Kazakhstan–Pakistan relations

Diplomatic mission
- Pakistan Embassy, Astana: Kazakhstan Embassy, Islamabad

Envoy
- Ambassador Dr. Sajjad Ahmed Seehar: Ambassador Yerzhan Kistafin

= Kazakhstan–Pakistan relations =

Kazakhstan–Pakistan relations refer to the bilateral relations between the Republic of Kazakhstan and the Islamic Republic of Pakistan. Pakistan was among the first few countries which recognized Kazakhstan when it attained independence in December 1991. Diplomatic relations between the two countries were established in 1992 during an official visit by Kazakh President Nursultan Nazarbayev to Pakistan. Pakistan and Kazakhstan enjoy cordial relations based on a common approach towards world issues as well as mutual understanding and goodwill for each other.

In 2015, President Nursultan Nazarbayev himself stated that "I will never forget that Pakistan is one of the first countries to support our independence movement." As Kazakhstan is a landlocked country, Pakistan provides natural land routes and connectivity to the Eurasian heartland with the Arabian Sea and South Asia. Kazakhstan is an emerging market for Pakistani goods. Both countries have more than 35 MOUs in different fields.

==History==

Today's region of Pakistan and Kazakhstan had links since ancient times. Both Kazakhstan and Pakistan were interconnected via ancient silk routes and even more ancient Indo-Iranic steppe migrations, which eventually led to the formation of the modern Pakistani population. Due to historic ties, Central Asia including modern-day Kazakhstan has a great influence on modern-day Pakistan. During 1920–39, many Kazakhs being compelled by Soviet atrocities, had migrated to British India. In response, the Central Council of the AIML, the highest decision-making organ of the party, in its meeting under the leadership of Muhammad Ali Jinnah (founder of Pakistan), adopted a resolution on February 23, 1942, at Delhi, in which the party expressed a deep extreme concern and worry about conditions of the Kazakh migrants, and demanded the then government to do proper arrangements and provisions for Kazakhs. Consequently, they were settled peacefully in the North Western parts of the British Raj, the northern areas of current Pakistan.
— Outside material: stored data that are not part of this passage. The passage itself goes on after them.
(* A hypergraph $H$ is quasi-eulerian if and only if it admits a decomposition into cycles, i.e., a family of cycles of $H$ such that every edge of $H$ is traversed by exactly one cycle of the family.
   Context: A hypergraph $H=(V,E)$ consists of a finite nonempty vertex set $V$, a finite edge set $E$ disjoint from $V$, and an incidence function assigning to each edge $e\in E$ a subset of $V$ (also denoted $e$); distinct edges may have the same vertex set. Hypergraphs are assumed to have no empty edges. A walk is a sequence $W=v_0e_1v_1e_2\cdots e_kv_k$ with $v_i\in V$, $e_i\in E$, such that for each $i$, $v_{i-1}\ne v_i$ and $v_{i-1},v_i\in e_i$; the $v_i$ are its anchors. $W$ is closed if $k\ge 2$ and $v_0=v_k$; it is a strict trail if $e_1,\dots,e_k$ are pairwise distinct. A cycle is a closed walk $v_0e_1v_1\cdots e_kv_0$ in which $v_0,\dots,v_{k-1}$ are pairwise distinct and $e_1,\dots,e_k$ are pairwise distinct. An Euler family of $H$ is a family of closed strict trails such that every edge of $H$ lies in exactly one trail and no two trails have a common anchor; $H$ is quasi-eulerian if it has one. *)

theory Defs
  imports Main
begin

text \<open>A hypergraph is given by a vertex set V (of type 'v), an edge set E (of type 'e;
  V and E are disjoint since they live in different types) and an incidence function inc.\<close>

definition hypergraph :: "'v set \<Rightarrow> 'e set \<Rightarrow> ('e \<Rightarrow> 'v set) \<Rightarrow> bool" where
  "hypergraph V E inc \<longleftrightarrow> finite V \<and> V \<noteq> {} \<and> finite E \<and>
     (\<forall>e\<in>E. inc e \<noteq> {} \<and> inc e \<subseteq> V)"

text \<open>A walk v0 e1 v1 ... ek vk is represented by the pair (vertex list [v0..vk], edge list [e1..ek]).\<close>

type_synonym ('v, 'e) walk = "'v list \<times> 'e list"

definition walk :: "'v set \<Rightarrow> 'e set \<Rightarrow> ('e \<Rightarrow> 'v set) \<Rightarrow> ('v, 'e) walk \<Rightarrow> bool" where
  "walk V E inc W \<longleftrightarrow> (let vs = fst W; es = snd W in
     length vs = length es + 1 \<and> set vs \<subseteq> V \<and> set es \<subseteq> E \<and>
     (\<forall>i < length es. vs ! i \<noteq> vs ! Suc i \<and> vs ! i \<in> inc (es ! i) \<and> vs ! Suc i \<in> inc (es ! i)))"

definition anchors :: "('v, 'e) walk \<Rightarrow> 'v set" where
  "anchors W = set (fst W)"

definition walk_edges :: "('v, 'e) walk \<Rightarrow> 'e set" where
  "walk_edges W = set (snd W)"

definition closed_walk :: "'v set \<Rightarrow> 'e set \<Rightarrow> ('e \<Rightarrow> 'v set) \<Rightarrow> ('v, 'e) walk \<Rightarrow> bool" where
  "closed_walk V E inc W \<longleftrightarrow> walk V E inc W \<and> length (snd W) \<ge> 2 \<and> hd (fst W) = last (fst W)"

definition strict_trail :: "'v set \<Rightarrow> 'e set \<Rightarrow> ('e \<Rightarrow> 'v set) \<Rightarrow> ('v, 'e) walk \<Rightarrow> bool" where
  "strict_trail V E inc W \<longleftrightarrow> walk V E inc W \<and> distinct (snd W)"

definition cycle :: "'v set \<Rightarrow> 'e set \<Rightarrow> ('e \<Rightarrow> 'v set) \<Rightarrow> ('v, 'e) walk \<Rightarrow> bool" where
  "cycle V E inc W \<longleftrightarrow> closed_walk V E inc W \<and> distinct (butlast (fst W)) \<and> distinct (snd W)"

definition euler_family :: "'v set \<Rightarrow> 'e set \<Rightarrow> ('e \<Rightarrow> 'v set) \<Rightarrow> ('v, 'e) walk set \<Rightarrow> bool" where
  "euler_family V E inc F \<longleftrightarrow>
     (\<forall>W\<in>F. closed_walk V E inc W \<and> strict_trail V E inc W) \<and>
     (\<forall>e\<in>E. \<exists>!W. W \<in> F \<and> e \<in> walk_edges W) \<and>
     (\<forall>W\<in>F. \<forall>W'\<in>F. W \<noteq> W' \<longrightarrow> anchors W \<inter> anchors W' = {})"

definition quasi_eulerian :: "'v set \<Rightarrow> 'e set \<Rightarrow> ('e \<Rightarrow> 'v set) \<Rightarrow> bool" where
  "quasi_eulerian V E inc \<longleftrightarrow> (\<exists>F. euler_family V E inc F)"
Pakistan was among the first countries to recognize Kazakhstan. The diplomatic relations between the modern states of Pakistan and Kazakhstan were further tightened since the visit of Nursultan Nazarbayev of Islamabad in 1992 during which he signed the many important documents that established the legal basis for the development of bilateral relations. Pakistan and Kazakhstan also share the same time zone.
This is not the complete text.